James's brother is having financial problems, and James wants to know if he and his wife should help him since James and his wife don't have any debt and an emergency fund. Dave advises James to define "help."

QUESTION: James in Oklahoma City and his wife are expecting their first child. His brother is having financial problems in his family, and James wants to know if they should help them out since James and his wife don’t have any debt and an emergency fund. Dave advises James to define “help.”

ANSWER: I think we have to define “help.” Help is if you give him some money, does it—five years from now—change his life? Does it get him on the right path? We don’t want to give a drunk a drink. That’s not help.

I would buy him a $500 car in a heartbeat if I thought it would cause him to go get some work. I might even help him with some of his bills, but it would be helping him. It wouldn’t be doing it for him. Basically, the way they’re handling money is if you gave them $10,000 cash, it would be gone in three months. That says we’re not helping him by just giving him money. We’ve got to get down under there, and the truth is the problem with really helping people is it requires more effort than just giving them money. It takes up time and emotional space because sometimes they don’t appreciate it and you get conflict and everything else.

What would I do if I were in your shoes? I’d make a list. If you could get him to do everything you wanted him to do, what would you have him do? I would have him do a budget, and I’d have them start living on necessities first and not blowing money, as you said, on stupid stuff. That would be part of that budget. I would have him get some kind of work with that car, if I got him a car. I would have them go to Financial Peace University and learn how to handle money.

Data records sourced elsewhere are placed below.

(* Either $\liminf_{n\to\infty}\operatorname{Var}(S_n)/n^2>0$, or $\operatorname{Var}(S_n)/n^2\to0$ as $n\to\infty$.
   Context: Let $X_1,X_2,\ldots$ be a sequence of centred, weakly stationary, real random variables with finite second moments, and $S_n=X_1+\cdots+X_n$. *)

theory Defs
  imports "HOL-Probability.Probability"
begin

end

theory Submission
  imports Defs
begin

text \<open>
  Let \<open>S\<^sub>n = X\<^sub>1 + \<dots> + X\<^sub>n\<close> for a centred, weakly stationary sequence in \<open>L\<^sup>2\<close>,
  and \<open>V(n) = E[S\<^sub>n\<^sup>2] = Var(S\<^sub>n)\<close>.  By stationarity, every block of \<open>m\<close>
  consecutive variables has second moment \<open>V(m)\<close>.  Writing \<open>n = q m + r\<close> with
  \<open>r < m\<close>, splitting \<open>S\<^sub>n\<close> into \<open>q\<close> such blocks plus a remainder of
  \<open>r\<close> variables, and using \<open>(a + b)\<^sup>2 \<le> (1 + \<epsilon>) a\<^sup>2 + (1 + 1/\<epsilon>) b\<^sup>2\<close>
  and Cauchy-Schwarz for finite sums, one obtains
    \<open>V(n) \<le> (1 + \<epsilon>) q\<^sup>2 V(m) + (1 + 1/\<epsilon>) r\<^sup>2 V(1)\<close>.
  Dividing by \<open>n\<^sup>2\<close> shows that \<open>v(n) = V(n)/n\<^sup>2\<close> is eventually at most
  \<open>v(m) + d\<close> for every fixed \<open>m\<close> and \<open>d > 0\<close>.  Hence if \<open>v\<close> comes
  arbitrarily close to \<open>0\<close> once, it stays close to \<open>0\<close>: either
  \<open>liminf v > 0\<close> or \<open>v \<longrightarrow> 0\<close>.
\<close>

lemma square_sum_le_card_sum_squares:
  fixes f :: "'b \<Rightarrow> real"
  shows "(\<Sum>j\<in>A. f j)\<^sup>2 \<le> real (card A) * (\<Sum>j\<in>A. (f j)\<^sup>2)"
  using Cauchy_Schwarz_ineq_sum[of "\<lambda>_. 1" f A] by simp

lemma square_add_le_weighted:
  fixes a b e :: real
  assumes "e > 0"
  shows "(a + b)\<^sup>2 \<le> (1 + e) * a\<^sup>2 + (1 + 1/e) * b\<^sup>2"
proof -
  have "0 \<le> (e*a - b)\<^sup>2 / e" using assms by simp
  also have "\<dots> = e*a\<^sup>2 - 2*a*b + b\<^sup>2/e" using assms
    by (simp add: power2_eq_square field_simps)
  finally show ?thesis by (simp add: power2_eq_square field_simps)
qed

lemma sum_by_blocks:
  fixes f :: "nat \<Rightarrow> 'b::comm_monoid_add"
  shows "(\<Sum>i=1..q*m. f i) = (\<Sum>j<q. \<Sum>i=j*m+1..j*m+m. f i)"
proof (induction q)
  case 0 then show ?case by simp
next
  case (Suc q)
  have "(\<Sum>i=1..Suc q*m. f i) = (\<Sum>i=1..q*m + m. f i)" by (simp add: add.commute)
  also have "\<dots> = (\<Sum>i=1..q*m. f i) + (\<Sum>i=q*m+1..q*m+m. f i)"
    by (rule sum.ub_add_nat) simp
  finally show ?case using Suc by simp
qed

lemma normalised_eventually_le:
  fixes V :: "nat \<Rightarrow> real" and C :: real
  assumes V_nonneg: "\<And>n. V n \<ge> 0" and "C \<ge> 0"
    and block: "\<And>n m e. m \<ge> 1 \<Longrightarrow> e > 0 \<Longrightarrow>
      V n \<le> (1 + e) * ((real (n div m))\<^sup>2 * V m) + (1 + 1/e) * ((real (n mod m))\<^sup>2 * C)"
    and "m \<ge> 1" and "d > 0"
  shows "eventually (\<lambda>n. V n / (real n)\<^sup>2 \<le> V m / (real m)\<^sup>2 + d) sequentially"
proof -
  define v where "v = V m / (real m)\<^sup>2"
  have "v \<ge> 0" using V_nonneg by (simp add: v_def)
  define e where "e = d / (2 * (v + 1))"
  have e: "e > 0" using \<open>d > 0\<close> \<open>v \<ge> 0\<close> by (simp add: e_def)
  have ev: "e * v \<le> d / 2"
  proof -
    have "e * v = (d / 2) * (v / (v + 1))" using \<open>v \<ge> 0\<close> by (simp add: e_def field_simps)
    also have "\<dots> \<le> d / 2"
      using \<open>d > 0\<close> \<open>v \<ge> 0\<close> by (intro mult_left_le) simp_all
    finally show ?thesis .
  qed
  define K where "K = (1 + 1/e) * ((real m)\<^sup>2 * C)"
  have "K \<ge> 0" using e \<open>C \<ge> 0\<close> by (simp add: K_def)
  have "(\<lambda>n. K / (real n)\<^sup>2) \<longlonglongrightarrow> 0"
    by (intro tendsto_divide_0[OF tendsto_const] filterlim_at_top_imp_at_infinity
        filterlim_pow_at_top filterlim_real_sequentially) simp
  then have "eventually (\<lambda>n. K / (real n)\<^sup>2 < d / 2) sequentially"
    using \<open>d > 0\<close> by (intro order_tendstoD(2)) auto
  moreover have "eventually (\<lambda>n. n \<ge> 1) sequentially"
    by (rule eventually_ge_at_top)
  ultimately show ?thesis
  proof eventually_elim
    case (elim n)
    then have n: "real n > 0" by simp
    have "real (n mod m) \<le> real m" using \<open>m \<ge> 1\<close> by (simp add: order.strict_implies_order)
    then have rest: "(1 + 1/e) * ((real (n mod m))\<^sup>2 * C) \<le> K"
      unfolding K_def using e \<open>C \<ge> 0\<close> by (intro mult_left_mono mult_right_mono power_mono) auto
    have "real (n div m) * real m \<le> real n"
      by (metis div_times_less_eq_dividend of_nat_le_iff of_nat_mult)
    then have "(real (n div m) * real m)\<^sup>2 * v \<le> (real n)\<^sup>2 * v"
      using \<open>v \<ge> 0\<close> by (intro mult_right_mono power_mono) auto
    moreover have "(real (n div m))\<^sup>2 * V m = (real (n div m) * real m)\<^sup>2 * v"
      using \<open>m \<ge> 1\<close> by (simp add: v_def power_mult_distrib)
    ultimately have main: "(real (n div m))\<^sup>2 * V m \<le> (real n)\<^sup>2 * v" by simp
    have "V n \<le> (1 + e) * ((real n)\<^sup>2 * v) + K"
      using block[OF \<open>m \<ge> 1\<close> e, of n] rest main e
      by (smt (verit) mult_left_mono)
    then have "V n / (real n)\<^sup>2 \<le> ((1 + e) * ((real n)\<^sup>2 * v) + K) / (real n)\<^sup>2"
      using n by (intro divide_right_mono) auto
    also have "\<dots> = v + e * v + K / (real n)\<^sup>2"
      using n by (simp add: field_simps)
    finally show ?case
      unfolding v_def[symmetric] using ev elim by linarith
  qed
qed

lemma nonneg_sequence_dichotomy:
  fixes v :: "nat \<Rightarrow> real"
  assumes nonneg: "\<And>n. v n \<ge> 0"
    and bound: "\<And>m d. m \<ge> 1 \<Longrightarrow> d > 0 \<Longrightarrow> eventually (\<lambda>n. v n \<le> v m + d) sequentially"
  shows "liminf (\<lambda>n. ereal (v n)) > 0 \<or> v \<longlonglongrightarrow> 0"
proof (cases "\<exists>\<delta>>0. eventually (\<lambda>n. \<delta> \<le> v n) sequentially")
  case True
  then obtain \<delta> where "\<delta> > 0" and "eventually (\<lambda>n. ereal \<delta> \<le> ereal (v n)) sequentially"
    by auto
  then have "0 < ereal \<delta>" and "ereal \<delta> \<le> liminf (\<lambda>n. ereal (v n))"
    by (auto intro: Liminf_bounded)
  then show ?thesis by (blast intro: order.strict_trans2)
next
  case False
  have "v \<longlonglongrightarrow> 0"
  proof (rule LIMSEQ_I)
    fix r :: real assume "r > 0"
    then have "\<not> eventually (\<lambda>n. r / 2 \<le> v n) sequentially"
      using False half_gt_zero by blast
    then have "frequently (\<lambda>n. v n < r / 2) sequentially"
      by (simp add: frequently_def not_less)
    then obtain m where "m \<ge> 1" "v m < r / 2"
      unfolding frequently_sequentially by auto
    with bound[of m "r / 2"] \<open>r > 0\<close>
    have "eventually (\<lambda>n. norm (v n - 0) < r) sequentially"
      by (auto elim!: eventually_mono simp: nonneg)
    then show "\<exists>N. \<forall>n\<ge>N. norm (v n - 0) < r"
      by (simp add: eventually_sequentially)
  qed
  then show ?thesis ..
qed

context prob_space
begin

definition square_integrable :: "('a \<Rightarrow> real) \<Rightarrow> bool" where
  "square_integrable f \<longleftrightarrow> f \<in> borel_measurable M \<and> integrable M (\<lambda>\<omega>. (f \<omega>)\<^sup>2)"

text \<open>Products of square-integrable variables are integrable (\<open>2|fg| \<le> f\<^sup>2 + g\<^sup>2\<close>).\<close>

lemma square_integrable_product:
  assumes "square_integrable f" "square_integrable g"
  shows "integrable M (\<lambda>\<omega>. f \<omega> * g \<omega>)"
proof (rule Bochner_Integration.integrable_bound)
  show "integrable M (\<lambda>\<omega>. (f \<omega>)\<^sup>2 + (g \<omega>)\<^sup>2)"
    using assms unfolding square_integrable_def by auto
  show "(\<lambda>\<omega>. f \<omega> * g \<omega>) \<in> borel_measurable M"
    using assms unfolding square_integrable_def by auto
  have "\<bar>f \<omega> * g \<omega>\<bar> \<le> (f \<omega>)\<^sup>2 + (g \<omega>)\<^sup>2" for \<omega>
  proof -
    have "2 * \<bar>f \<omega>\<bar> * \<bar>g \<omega>\<bar> \<le> (f \<omega>)\<^sup>2 + (g \<omega>)\<^sup>2"
      using sum_squares_bound[of "\<bar>f \<omega>\<bar>" "\<bar>g \<omega>\<bar>"] by simp
    moreover have "0 \<le> \<bar>f \<omega>\<bar> * \<bar>g \<omega>\<bar>" by simp
    ultimately show ?thesis unfolding abs_mult by linarith
  qed
  then show "AE \<omega> in M. norm (f \<omega> * g \<omega>) \<le> norm ((f \<omega>)\<^sup>2 + (g \<omega>)\<^sup>2)"
    by simp
qed

lemma square_integrable_sum:
  assumes "finite A" "\<And>j. j \<in> A \<Longrightarrow> square_integrable (f j)"
  shows "square_integrable (\<lambda>\<omega>. \<Sum>j\<in>A. f j \<omega>)"
  unfolding square_integrable_def
proof
  show meas: "(\<lambda>\<omega>. \<Sum>j\<in>A. f j \<omega>) \<in> borel_measurable M"
    using assms unfolding square_integrable_def by (intro borel_measurable_sum) auto
  show "integrable M (\<lambda>\<omega>. (\<Sum>j\<in>A. f j \<omega>)\<^sup>2)"
  proof (rule Bochner_Integration.integrable_bound)
    show "integrable M (\<lambda>\<omega>. real (card A) * (\<Sum>j\<in>A. (f j \<omega>)\<^sup>2))"
      using assms unfolding square_integrable_def by auto
    show "(\<lambda>\<omega>. (\<Sum>j\<in>A. f j \<omega>)\<^sup>2) \<in> borel_measurable M"
      using meas by auto
    show "AE \<omega> in M. norm ((\<Sum>j\<in>A. f j \<omega>)\<^sup>2) \<le> norm (real (card A) * (\<Sum>j\<in>A. (f j \<omega>)\<^sup>2))"
      using square_sum_le_card_sum_squares[of "\<lambda>j. f j _" A] by (auto simp: sum_nonneg)
  qed
qed

lemma expectation_square_sum:
  assumes "finite A" "\<And>j. j \<in> A \<Longrightarrow> square_integrable (f j)"
  shows "expectation (\<lambda>\<omega>. (\<Sum>j\<in>A. f j \<omega>)\<^sup>2)
    = (\<Sum>i\<in>A. \<Sum>j\<in>A. expectation (\<lambda>\<omega>. f i \<omega> * f j \<omega>))"
proof -
  have "(\<lambda>\<omega>. (\<Sum>j\<in>A. f j \<omega>)\<^sup>2) = (\<lambda>\<omega>. \<Sum>i\<in>A. \<Sum>j\<in>A. f i \<omega> * f j \<omega>)"
    by (simp add: power2_eq_square sum_product)
  then show ?thesis
    using assms by (simp add: Bochner_Integration.integrable_sum square_integrable_product)
qed
(* Let $\phi_3(x)=\sqrt2\,\mathrm{sech}(x)$, $T(x)=\int_{\mathbb R}e^{-\sqrt2|x-y|}\mathrm{sech}^2(y)\,dy$, $R_1=-x\phi_3\phi_3'-\tfrac{1}{4\sqrt2}(3-\phi_3^2)T-\tfrac{\phi_3'}{2\sqrt2\phi_3}T'$, $R_2=\tfrac12\phi_3^2+\tfrac{3}{4\sqrt2}T+\tfrac{\phi_3'}{2\sqrt2\phi_3}T'$, $E=\tfrac12\phi_3(\tfrac14-\log\phi_3)+\tfrac12x\phi_3'$, $F=E+\phi_3\log\phi_3$, $\Delta_1=F(3(1-\phi_3^2)^2-1)+\phi_3(1-\phi_3^2)^2+6\phi_3(1-\phi_3^2)R_1-2\phi_3R_2$, $\Delta_2=F(1-\phi_3^2)+\phi_3R_1+\phi_3(1-\phi_3^2)R_2$, $h_{3,1}=\tfrac12\phi_3^2\cos x+\tfrac{\phi_3'}{\phi_3}\sin x$, $h_{3,2}=\tfrac{\phi_3'}{\phi_3}\sin x$, and with $\langle f,g\rangle=\int_{\mathbb R}fg\,dx$ set $\gamma_1=\langle\Delta_1,h_{3,1}\rangle$, $\gamma_2=2\langle\Delta_2,h_{3,2}\rangle$, $\gamma_3=\langle(6x\tanh x\,\mathrm{sech}^2x-\tfrac72\mathrm{sech}^2x)\phi_3(1-\phi_3^2),h_{3,1}\rangle$, $\gamma_4=-2\langle E,h_{3,1}\rangle$. For integers $k\ge1$ set (integrals over $\mathbb R$ in $x$) $p_k=\int\mathrm{sech}^k\cos$, $q_k=\int\mathrm{sech}^k\log(\mathrm{sech})\cos$, $r_k=\int\mathrm{sech}^kT\cos$, $s_k=\int\mathrm{sech}^kT\tanh\sin$, $a_k=\int x\,\mathrm{sech}^k\tanh\cos$. Then \begin{align*} \gamma_1=&\sqrt2\Big(2p_1+\big(-9\log2-\tfrac{97}{2}\big)p_3+(24\log2+110)p_5+\big(-15\log2-\tfrac{127}{2}\big)p_7\Big)\\ &+\sqrt2\big(q_1-19q_3+48q_5-30q_7-a_1+56a_3-222a_5+180a_7\big)\\ &+4r_1-4r_3-28r_5+30r_7+2s_1+22s_3-30s_5,\\ \gamma_2=&\sqrt2\Big(\big(\tfrac12\log2+\tfrac94\big)p_1+(-4\log2-6)p_3+(4\log2-18)p_5+24p_7\Big)\\ &+\sqrt2\big(q_1-8q_3+8q_5-a_1+21a_3-30a_5\big)+2r_3-2r_5-4s_3+10s_5,\\ \gamma_3=&\sqrt2\Big(-\tfrac{33}{2}p_3+\tfrac{127}{2}p_5-47p_7+18a_3-84a_5+72a_7\Big),\\ \gamma_4=&\sqrt2\big(q_1-q_3+a_1-2a_3\big). \end{align*}
   Context: $\mathrm{sech},\tanh,\cos,\sin$ denote the functions $\mathrm{sech}(x),\tanh(x),\cos(x),\sin(x)$, products are pointwise, primes denote $d/dx$. *)

theory Defs
  imports "HOL-Analysis.Analysis"
begin
lemma sum_prod_card_eq_sum_PiE_card:
  assumes "finite X" "finite I" "\<And>i. i \<in> I \<Longrightarrow> finite (B i)"
  shows "(\<Sum>x\<in>X. \<Prod>i\<in>I. real (card {b\<in>B i. G i b x}))
       = (\<Sum>w\<in>PiE I B. real (card {x\<in>X. \<forall>i\<in>I. G i (w i) x}))"
proof -
  have of_bool_prod: "(\<Prod>i\<in>I. of_bool (Q i) :: real) = of_bool (\<forall>i\<in>I. Q i)" for Q
    using assms(2) by (induction I rule: finite_induct) auto
  have "(\<Sum>x\<in>X. \<Prod>i\<in>I. real (card {b\<in>B i. G i b x}))
      = (\<Sum>x\<in>X. \<Prod>i\<in>I. \<Sum>b\<in>B i. of_bool (G i b x))"
    using assms by (simp add: Int_def conj_commute)
  also have "\<dots> = (\<Sum>x\<in>X. \<Sum>w\<in>PiE I B. \<Prod>i\<in>I. of_bool (G i (w i) x))"
    by (simp only: prod_sum_PiE[OF assms(2,3)])
  also have "\<dots> = (\<Sum>x\<in>X. \<Sum>w\<in>PiE I B. of_bool (\<forall>i\<in>I. G i (w i) x))"
    by (simp only: of_bool_prod)
  also have "\<dots> = (\<Sum>w\<in>PiE I B. \<Sum>x\<in>X. of_bool (\<forall>i\<in>I. G i (w i) x))"
    by (rule sum.swap)
  also have "\<dots> = (\<Sum>w\<in>PiE I B. real (card {x\<in>X. \<forall>i\<in>I. G i (w i) x}))"
    using assms by (simp add: Int_def conj_commute)
  finally show ?thesis .
qed

lemma truncated_second_moment:
  fixes Z S :: "'a \<Rightarrow> real"
  assumes "finite X" "\<And>x. x \<in> X \<Longrightarrow> 0 \<le> Z x" "\<And>x. x \<in> X \<Longrightarrow> 0 \<le> S x" "0 < M"
    and "0 \<le> a" "a \<le> (\<Sum>x\<in>X. Z x) - (\<Sum>x\<in>X. Z x * S x) / M"
  shows "a\<^sup>2 \<le> real (card {x\<in>X. 0 < Z x \<and> S x < M}) * (\<Sum>x\<in>X. (Z x)\<^sup>2)"
proof -
  define G where "G = {x\<in>X. 0 < Z x \<and> S x < M}"
  have markov: "Z x - Z x * S x / M \<le> (if 0 < Z x \<and> S x < M then Z x else 0)"
    if "x \<in> X" for x
  proof (cases "0 < Z x \<and> S x < M")
    case True
    then show ?thesis using assms(3,4) that by simp
  next
    case False
    then have "Z x = 0 \<or> M \<le> S x" using assms(2) that by force
    then have "Z x * M \<le> Z x * S x" using assms(2) that by (auto intro: mult_left_mono)
    then have "Z x \<le> Z x * S x / M" using assms(4) by (simp add: pos_le_divide_eq mult.commute)
    then show ?thesis using False by simp
  qed
  have "a \<le> (\<Sum>x\<in>X. Z x - Z x * S x / M)"
    using assms(6) by (simp add: sum_subtractf sum_divide_distrib)
  also have "\<dots> \<le> (\<Sum>x\<in>X. if 0 < Z x \<and> S x < M then Z x else 0)"
    using markov by (rule sum_mono)
  also have "\<dots> = (\<Sum>x\<in>G. Z x)"
    unfolding G_def by (rule sum.inter_filter[OF assms(1), symmetric])
  finally have "a\<^sup>2 \<le> (\<Sum>x\<in>G. Z x)\<^sup>2"
    using assms(5) by (intro power_mono) auto
  also have "\<dots> \<le> (\<Sum>x\<in>G. (Z x)\<^sup>2) * real (card G)"
    by (rule sum_squared_le_sum_of_squares)
  also have "\<dots> \<le> (\<Sum>x\<in>X. (Z x)\<^sup>2) * real (card G)"
    using assms(1) by (intro mult_right_mono sum_mono2) (auto simp: G_def)
  finally show ?thesis
    by (simp add: G_def mult.commute)
qed

lemma sum_signs_eq_card_diff:
  fixes s :: "'b \<Rightarrow> int"
  assumes "finite F" "\<And>p. p \<in> F \<Longrightarrow> s p \<in> {-1, 1}"
  shows "(\<Sum>p\<in>F. s p) = int (card {p\<in>F. s p = 1}) - int (card {p\<in>F. s p = -1})"
proof -
  have "(\<Sum>p\<in>F. s p) = (\<Sum>p\<in>F. of_bool (s p = 1) - of_bool (s p = -1))"
    using assms(2) by (intro sum.cong) auto
  then show ?thesis
    using assms(1) by (simp add: sum_subtractf Int_def conj_commute)
qed

lemma sum_pairs_prod_eta_le:
  fixes \<eta> :: "'b \<Rightarrow> real"
  assumes "finite P" "\<And>p. p \<in> P \<Longrightarrow> 0 \<le> \<eta> p"
  shows "(\<Sum>b\<in>P \<times> P. \<Prod>q\<in>{fst b, snd b}. \<eta> q) \<le> (\<Sum>p\<in>P. \<eta> p)\<^sup>2 + (\<Sum>p\<in>P. \<eta> p)"
proof -
  have "(\<Sum>b\<in>P \<times> P. \<Prod>q\<in>{fst b, snd b}. \<eta> q)
      \<le> (\<Sum>b\<in>P \<times> P. \<eta> (fst b) * \<eta> (snd b) + (if fst b = snd b then \<eta> (fst b) else 0))"
    using assms(2) by (intro sum_mono) (auto simp: mem_Times_iff)
  also have "\<dots> = (\<Sum>p\<in>P. \<Sum>q\<in>P. \<eta> p * \<eta> q + (if p = q then \<eta> p else 0))"
    by (subst sum.cartesian_product') (simp only: fst_conv snd_conv)
  also have "\<dots> = (\<Sum>p\<in>P. \<eta> p * (\<Sum>q\<in>P. \<eta> q) + \<eta> p)"
    using assms(1) by (intro sum.cong refl) (simp add: sum.distrib sum_distrib_left sum.delta)
  also have "\<dots> = (\<Sum>p\<in>P. \<eta> p)\<^sup>2 + (\<Sum>p\<in>P. \<eta> p)"
    by (simp add: sum.distrib sum_distrib_right power2_eq_square)
  finally show ?thesis .
qed

lemma prod_square_ge_ratio_power:
  fixes s :: "'i \<Rightarrow> real"
  assumes "\<And>i. i \<in> I \<Longrightarrow> \<sigma> \<le> s i" "0 < \<sigma>"
  shows "(\<sigma> / (1 + \<sigma>)) ^ card I * (\<Prod>i\<in>I. (s i)\<^sup>2 + s i) \<le> (\<Prod>i\<in>I. s i)\<^sup>2"
proof -
  have factor_le: "\<sigma> / (1 + \<sigma>) * ((s i)\<^sup>2 + s i) \<le> (s i)\<^sup>2" if "i \<in> I" for i
  proof -
    have "\<sigma> \<le> s i" "0 < s i"
      using assms that by force+
    then have "\<sigma> * s i \<le> s i * s i"
      by (intro mult_right_mono) auto
    then have "\<sigma> * ((s i)\<^sup>2 + s i) \<le> (1 + \<sigma>) * (s i)\<^sup>2"
      by (simp add: power2_eq_square algebra_simps)
    then show ?thesis
      using assms(2) by (simp add: field_simps)
  qed
  have "(\<sigma> / (1 + \<sigma>)) ^ card I * (\<Prod>i\<in>I. (s i)\<^sup>2 + s i)
      = (\<Prod>i\<in>I. \<sigma> / (1 + \<sigma>) * ((s i)\<^sup>2 + s i))"
    by (simp only: prod.distrib prod_constant)
  also have "\<dots> \<le> (\<Prod>i\<in>I. (s i)\<^sup>2)"
    using assms by (intro prod_mono conjI factor_le less_imp_le[OF mult_pos_pos] add_pos_pos) force+
  also have "\<dots> = (\<Prod>i\<in>I. s i)\<^sup>2"
    by (simp add: prod_power_distrib)
  finally show ?thesis .
qed

section \<open>Sign patterns at a given level\<close>

text \<open>The level of distribution hypothesis, with the squarefree moduli \<open>q\<^sub>-, q\<^sub>+\<close> written as
  products of disjoint finite sets of primes \<open>Q\<^sub>m, Q\<^sub>p\<close> and the error counted absolutely.\<close>

definition sign_patterns_equidistributed ::
    "'a set \<Rightarrow> (nat \<Rightarrow> 'a \<Rightarrow> int) \<Rightarrow> (nat \<Rightarrow> real) \<Rightarrow> (nat \<Rightarrow> real) \<Rightarrow> real \<Rightarrow> real \<Rightarrow> bool"
  where "sign_patterns_equidistributed X f \<eta>\<^sub>m \<eta>\<^sub>p L E \<longleftrightarrow>
    (\<forall>Q\<^sub>m Q\<^sub>p. finite Q\<^sub>m \<longrightarrow> finite Q\<^sub>p \<longrightarrow> (\<forall>q\<in>Q\<^sub>m \<union> Q\<^sub>p. prime q) \<longrightarrow> Q\<^sub>m \<inter> Q\<^sub>p = {} \<longrightarrow>
      real (\<Prod>Q\<^sub>m * \<Prod>Q\<^sub>p) \<le> L \<longrightarrow>
      \<bar>real (card {x\<in>X. (\<forall>p\<in>Q\<^sub>m. f p x = -1) \<and> (\<forall>p\<in>Q\<^sub>p. f p x = 1)})
        - real (card X) * ((\<Prod>p\<in>Q\<^sub>m. \<eta>\<^sub>m p) * (\<Prod>p\<in>Q\<^sub>p. \<eta>\<^sub>p p))\<bar> \<le> real (card X) * E)"
theorem theorem4p1:
  fixes Mstar :: "real^'n^'m"
    and P :: "real^'k^'m" and Q :: "real^'k^'n"
    and \<sigma> :: "'k \<Rightarrow> real" and r :: nat
  assumes "CARD('k) = min CARD('m) CARD('n)"
    and "has_orthonormal_columns P" and "has_orthonormal_columns Q"
    and "\<forall>i. \<sigma> i > 0" and "inj \<sigma>"
    and "Mstar = P ** diag_mat \<sigma> ** transpose Q"
    and "1 \<le> r" and "r < CARD('k)"
  shows "rel_null P \<sigma> Q
           {(U, V) \<in> minimizers Mstar. err_E U V (trunc_svd P \<sigma> Q r) r = 0}"
proof -
  let ?B = "{G::real^'k^'k. invertible G}
    \<inter> (\<Union>S\<in>{S. card S = r}. {G. G ** sel_mat S = sel_mat (top_indices \<sigma> r) ** G})"
  have "?B \<in> sets lborel"
    by (intro sets.Int sets.finite_UN ballI) (simp_all add: sets_borel_invertible borel_closed closed_intertwiners)
  moreover have "?B \<subseteq> {G. \<exists>i j. G $ i $ j = 0}"
  proof
    fix G assume "G \<in> ?B"
    then obtain S where "card S = r" "G ** sel_mat S = sel_mat (top_indices \<sigma> r) ** G"
      by auto
    moreover from \<open>card S = r\<close> have "S \<noteq> {}" "S \<noteq> UNIV"
      using assms(7,8) by auto
    ultimately show "G \<in> {G. \<exists>i j. G $ i $ j = 0}"
      using intertwiner_sel_mat_has_zero_entry by blast
  qed
  ultimately have "?B \<in> null_sets lborel"
    using null_sets_subset null_sets_some_entry_eq_0 by blast
  moreover have "\<forall>i. \<sigma> i \<noteq> 0"
    using assms(4) by (simp add: less_imp_neq[symmetric])
  ultimately show ?thesis
    unfolding rel_null_def assms(6) using chart_preimage_eq[OF assms(2,3)] assms(8) by simp
qed

end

You take him to coffee, and the two of you sit and talk. Say, “I’m going to draft up a little one-page thing that says I’m going to buy you a car, and I’m going to pay off up to $2,000 worth of your bills as you pay them off. I’m going to match you one for one,” or whatever you want to do. You don’t have to do that much. I don’t mind helping somebody. If he pays off a dollar, I’ll pay off a dollar. I’ll match him on his debt reduction plan. But they’re going to be on a written plan, and they’re going to quit blowing money, and the two of them are going to be in agreement. We’re going to get organized. We’re going to get to work. He’s going to get to work doing something.

I would put him through class. I would say he’s getting a job of some kind doing something. I don’t care what it is but just showing some effort somewhere. There’s stuff out there to do. It’s just not stuff he wants to do. Let’s get busy doing something. The activity is good for him. He gets depressed sitting at home watching Oprah reruns. Something like, “Go to class, get some kind of income coming in, be in agreement with your spouse on this that your wife has to be on board with it too—not just you by yourself, and you guys get organized. Get on a written budget so that you quit blowing money on this or that. Let me be a part of you getting your life back together. If you’ll do that stuff, then I’ll give you a car and this, and I’ll do that. But I’m not going to just throw money at stupid, because all it does is make stupid bigger.” You don’t have to say it exactly that way, but that’s the deal.

If giving people money fixed their lives, then a lot of people would’ve been fixed by the government. It doesn’t work, and you’re not helping. It’s mythology. You just wish you were helping, and you want to help. But it’s not really helping.